The fourth pitfall is using post-hoc power as a defense. "We had 30% power, that is why we did not find anything" is not an argument — it is an admission that the test should never have launched. The right response is to plan better next time, often by raising MDE or stacking multiple weeks of data before the readout. For the related and more common sin of stopping early, see the peeking mistake in A/B testing.

The fifth pitfall is mis-handling novelty effects. The first three days of an experiment frequently show an exaggerated treatment effect because curious users click everything new. Power analysis assumes a stable effect over the test window, so plan a minimum of two weeks regardless of what the calculator says. Anything shorter risks reading a transient lift as a permanent one.

Interview prompts you should be ready for

When an interviewer asks "what is power?", the answer is the probability of detecting a real effect, conditional on the effect being non-zero. Add that the default 80% is conventional, not principled, and that critical decisions deserve more.

When they ask "why 80%?", say it is a working balance between false-negative tolerance and the cost of larger samples. Strong candidates note that the cost-of-a-miss should drive the choice, not folklore.

When they ask "how do you size a test?", walk through the four parameters in order: alpha is fixed by policy, power is a target, MDE comes from product, and N falls out. Mention that for continuous metrics you also need the metric standard deviation.

When they ask "1% MDE versus 5% MDE?", the right answer is that 1% needs roughly 25x the sample of 5% (N scales with 1/MDE^2), so the choice is a business decision about how small a lift is worth shipping.

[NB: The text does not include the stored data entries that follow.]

lemma refining_partition_base_product:
  assumes "refining_partition_base X w cell" "finite K" "Field w \<noteq> {}"
  shows "refining_partition_base (product_topology (\<lambda>_. X) K) w (\<lambda>\<alpha> f. PiE K (\<lambda>i. cell \<alpha> (f i)))"
proof -
  interpret X: refining_partition_base X w cell
    by (fact assms(1))
  show ?thesis
  proof unfold_locales
    fix \<alpha> f assume \<alpha>: "\<alpha> \<in> Field w" and f: "f \<in> topspace (product_topology (\<lambda>_. X) K)"
    then have fX: "\<And>i. i \<in> K \<Longrightarrow> f i \<in> topspace X"
      by auto
    show "f \<in> PiE K (\<lambda>i. cell \<alpha> (f i))"
      using f X.cell_self[OF \<alpha> fX] by auto
    show "openin (product_topology (\<lambda>_. X) K) (PiE K (\<lambda>i. cell \<alpha> (f i)))"
      using X.openin_cell[OF \<alpha> fX] by (simp add: openin_PiE assms(2))
    fix g assume "g \<in> PiE K (\<lambda>i. cell \<alpha> (f i))"
    then show "PiE K (\<lambda>i. cell \<alpha> (g i)) = PiE K (\<lambda>i. cell \<alpha> (f i))"
      using X.cell_eq[OF \<alpha> fX] by (intro PiE_cong) auto
  next
    fix \<alpha> \<beta> f assume "(\<alpha>, \<beta>) \<in> w" "f \<in> topspace (product_topology (\<lambda>_. X) K)"
    moreover have "\<And>i. i \<in> K \<Longrightarrow> f i \<in> topspace X"
      using calculation(2) by auto
    ultimately have "\<And>i. i \<in> K \<Longrightarrow> cell \<beta> (f i) \<subseteq> cell \<alpha> (f i)"
      using X.cell_antimono by blast
    then show "PiE K (\<lambda>i. cell \<beta> (f i)) \<subseteq> PiE K (\<lambda>i. cell \<alpha> (f i))"
      by (rule PiE_mono)
  next
    fix U f assume "openin (product_topology (\<lambda>_. X) K) U" "f \<in> U"
    then have "\<exists>V. (\<forall>i \<in> K. openin X (V i)) \<and> f \<in> PiE K V \<and> PiE K V \<subseteq> U"
      unfolding openin_product_topology_alt by blast
    then obtain V where V: "\<forall>i \<in> K. openin X (V i)" "f \<in> PiE K V" "PiE K V \<subseteq> U"
      by blast
    then have fV: "\<And>i. i \<in> K \<Longrightarrow> f i \<in> V i" and fX: "\<And>i. i \<in> K \<Longrightarrow> f i \<in> topspace X"
      using openin_subset by (blast dest: PiE_mem)+
    have "\<forall>i \<in> K. \<exists>\<alpha>. \<alpha> \<in> Field w \<and> cell \<alpha> (f i) \<subseteq> V i"
      using X.cell_base V(1) fV by blast
    then have "\<exists>\<alpha>. \<forall>i \<in> K. \<alpha> i \<in> Field w \<and> cell (\<alpha> i) (f i) \<subseteq> V i"
      by (rule bchoice)
    then obtain \<alpha> where \<alpha>: "\<forall>i \<in> K. \<alpha> i \<in> Field w \<and> cell (\<alpha> i) (f i) \<subseteq> V i"
      by blast
    then have "finite (\<alpha> ` K)" "\<alpha> ` K \<subseteq> Field w"
      using assms(2) by auto
    then obtain m where m: "m \<in> Field w" "\<forall>a \<in> \<alpha> ` K. (a, m) \<in> w"
      using X.W.finite_has_upper_bound assms(3) by blast
    have "cell m (f i) \<subseteq> V i" if "i \<in> K" for i
    proof -
      have "cell m (f i) \<subseteq> cell (\<alpha> i) (f i)"
        using X.cell_antimono m(2) fX that by blast
      then show ?thesis
        using \<alpha> that by blast
    qed
    then have "PiE K (\<lambda>i. cell m (f i)) \<subseteq> PiE K V"
      by (rule PiE_mono)
    then show "\<exists>\<alpha> \<in> Field w. PiE K (\<lambda>i. cell \<alpha> (f i)) \<subseteq> U"
      using m(1) V(3) by blast
  next
    fix f g assume f: "f \<in> topspace (product_topology (\<lambda>_. X) K)"
      and g: "g \<in> topspace (product_topology (\<lambda>_. X) K)" and "f \<noteq> g"
    then obtain i where i: "i \<in> K" "f i \<noteq> g i"
      using PiE_ext[of f K "\<lambda>_. topspace X" g] f g by auto
    moreover have "f i \<in> topspace X" "g i \<in> topspace X"
      using f g i(1) by auto
    ultimately obtain \<alpha> where "\<alpha> \<in> Field w" "g i \<notin> cell \<alpha> (f i)"
      using X.cell_separating by blast
    then show "\<exists>\<alpha> \<in> Field w. g \<notin> PiE K (\<lambda>i. cell \<alpha> (f i))"
      using i(1) by blast
  qed (fact X.well_order)
qed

Then ask what the company's actual shipping bar is — interviewers like candidates who push the question back.

If you want to drill scenarios like "we have 4,000 daily users and a 4% baseline, can we detect a 0.5% lift in two weeks", NAILDD is launching with a deep library of A/B testing and SQL interview drills built around exactly this pattern.

FAQ

What is beta in plain English?

Beta is the probability of missing a real effect when you run the test — a false negative. Power is just 1 − β. Teams obsess over alpha (false positives) because it sounds dangerous, but in growth work β is usually the bigger source of pain because underpowered tests look like "no effect" and quietly kill good ideas.

Can I increase power without raising N?

Yes, by reducing the variance of the metric. CUPED is the standard trick: regress the metric on a pre-experiment covariate and analyze residuals. Stratified sampling and switchback designs also help. Raising MDE is the other lever, but only if the product team genuinely accepts a higher shipping bar.

Is 80% power really mandatory?

It is conventional, not mandatory. Use 80% for typical experimentation. Push to 90% or 95% when the decision is hard to reverse — pricing changes, billing changes, anything that touches paid retention. For exploratory A/B tests on a button color, 80% is plenty.

Is post-hoc power useful at all?

It is more confusing than helpful when computed at the observed effect. The form that pays off is "given our final N, what was the smallest lift we could have detected at 80% power?". That number tells you whether the test was capable of resolving a business-relevant effect, without the circular reasoning of plugging the observed estimate back in.

How do I size a test for revenue per user instead of conversion?

Use a t-test power calculation and supply the empirical standard deviation from a recent stable window of your data. Revenue distributions are heavy-tailed, so the SD will look large and N will spike. Variance reduction via CUPED is almost always worth it for revenue metrics — it can cut required N by 30% to 50% on real datasets.

What if the calculator says I need more users than I have in a year?

The MDE is too small relative to your traffic. Three honest options: raise MDE to a level the team would actually ship at, run on a higher-traffic surface, or switch to CUPED. Running the underpowered test anyway is the worst option — ambiguous result and burned calendar.